[R-sig-ME] Generalized mixed models for poisson distributions
bolker at ufl.edu
Fri Oct 24 23:21:45 CEST 2008
Page E. Van Meter wrote:
> To clarify the simple mistake I was making for possible future novice
> readers of this mailing list:
> I did not understand that the glm function cannot handle random
> effects (which Faraway NEVER mentions in his book). I also did not
> understand that glmer and lmer can both handle non-linear data as long
> as the "family" is specified.
> I am very comfortable with linear models, linear mixed effect models,
> and non-linear models, but I have been having a lot of trouble
> tackling non-linear mixed effect models. I really do wish we could all
> agree on terms for these models (GLM is used for both general linear
> mixed models and generalized mixed models in many fields). Anyway,
> these were very rudimentary stumbling blocks that were not immediately
> apparent to me, so hopefully this will clarify for others.

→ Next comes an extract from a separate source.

(* Let $h>0$, $n\in\mathbb{N}$, and let $\lambda:\mathbb{T}\to\mathbb{R}$ be an $n$-cycle with values $\lambda_0,\dots,\lambda_{n-1}\in\mathbb{R}\setminus\{\pm\tfrac1h\}$, such that $0<|e_{\lambda}(nh)|\neq1$ and $0<|e_{-\lambda}(nh)|\neq1$. Define for $t\in\mathbb{T}$ $$p(t)=-\lambda(t+2h),\quad q(t)=-2\Delta_h\lambda(t+h)+\Delta_h\lambda(t+2h)-\lambda(t+2h)\lambda(t+3h),$$ $$r(t)=-\Delta_h^2\lambda(t)-\lambda(t)\Delta_h\lambda(t+2h)+\lambda(t)\lambda(t+2h)\lambda(t+3h).$$ Then the third-order equation $$\Delta_h^3y(t)+p(t)\Delta_h^2y(t)+q(t)\Delta_h y(t)+r(t)y(t)=0,\qquad t\in\mathbb{T},$$ has Hyers–Ulam stability on $\mathbb{T}$ with Hyers–Ulam stability constant $K=\bigl(K_0(\lambda)\bigr)^2K_0(-\lambda)$.
   Context: Fix $h>0$ and let $\mathbb{T}=\{0,h,2h,3h,\dots\}$. For $x:\mathbb{T}\to\mathbb{R}$, $\Delta_h x(t)=\frac{x(t+h)-x(t)}{h}$ and $\Delta_h^2x=\Delta_h(\Delta_h x)$, $\Delta_h^3x=\Delta_h(\Delta_h^2 x)$. An $n$-cycle is a function $\mu:\mathbb{T}\to\mathbb{R}$ with $\mu(t)=\mu_k$ whenever $t/h\equiv k\pmod n$, $k\in\{0,\dots,n-1\}$, which has period $n$ and no smaller period. For such $\mu$ define the discrete exponential $e_\mu(t)=\prod_{k=0}^{t/h-1}(1+h\mu(kh))$ (empty product $=1$), so $e_\mu(nh)=\prod_{k=0}^{n-1}(1+h\mu_k)$. For $k\in\{0,\dots,n-1\}$ define $$S_k(\mu)=\sum_{j=1}^{n}\prod_{i=0}^{j-1}\frac{1}{|1+h\mu_{(k+i)\bmod n}|},$$ (e.g. $S_0(\mu)=\frac{1}{|1+h\mu_0|}+\frac{1}{|1+h\mu_0||1+h\mu_1|}+\dots+\frac{1}{|1+h\mu_0|\cdots|1+h\mu_{n-1}|}$), and, when $0<|e_\mu(nh)|\neq1$, $$K_0(\mu)=\frac{h|e_\mu(nh)|}{\bigl|1-|e_\mu(nh)|\bigr|}\max\{S_0(\mu),\dots,S_{n-1}(\mu)\}.$$ Here $-\lambda$ denotes the $n$-cycle with values $-\lambda_0,\dots,-\lambda_{n-1}$. Hyers–Ulam stability: an equation $\mathcal{L}[y](t)=f(t)$, $t\in\mathbb{T}$ (with $\mathcal{L}$ a linear difference operator) has Hyers–Ulam stability on $\mathbb{T}$ with Hyers–Ulam stability constant $K>0$ if for every $\varepsilon>0$ and every $\xi:\mathbb{T}\to\mathbb{R}$ with $|\mathcal{L}[\xi](t)-f(t)|\le\varepsilon$ for all $t\in\mathbb{T}$, there is a solution $y:\mathbb{T}\to\mathbb{R}$ of the equation with $|\xi(t)-y(t)|\le K\varepsilon$ for all $t\in\mathbb{T}$. The minimum Hyers–Ulam stability constant is the smallest such $K$. *)

theory Defs
  imports Main "HOL.Real"
begin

1. It is too bad about the GLM thing, but I think both usages
("general" and "generalized" are here to stay).
2. Just to clarify a tiny bit more: "nonlinear mixed effect models"
usually implies normally distributed data (i.e. error terms) with
non-linear, NON-linearizable dependence of expected values on continuous
covariates (if they were linearizable then one could handle a
normal-error model with family(gaussian,link="..."))
nlmer handles these -- it doesn't complain about a "family" argument,
but based on a quick look on the output it looks like the function
actually ignores it.
3. GLMMs handle exponential-family data and linearizable
nonlinearities -- and they are indeed much harder than LMMs or GLMs.
> Ben Bolker wrote:
>> glm doesn't do mixed effects models at all.
>> You might (?) be confused about this because some software
>> packages (SAS in particular, I don't know about SPSS) use the acronym
>> GLM to refer to "general linear models" (rather than general*ized*
>> linear models). Some particular kinds of linear mixed models
>> (nested, balanced designs) can be estimated using the same
>> general approaches used for ANOVA (in R, this would correspond
>> to using aov with an Error term in the model).
>> Linear models: lm (or aov)
>> Generalized linear models: glm
>> For linear mixed models you need lme (in the nlme package)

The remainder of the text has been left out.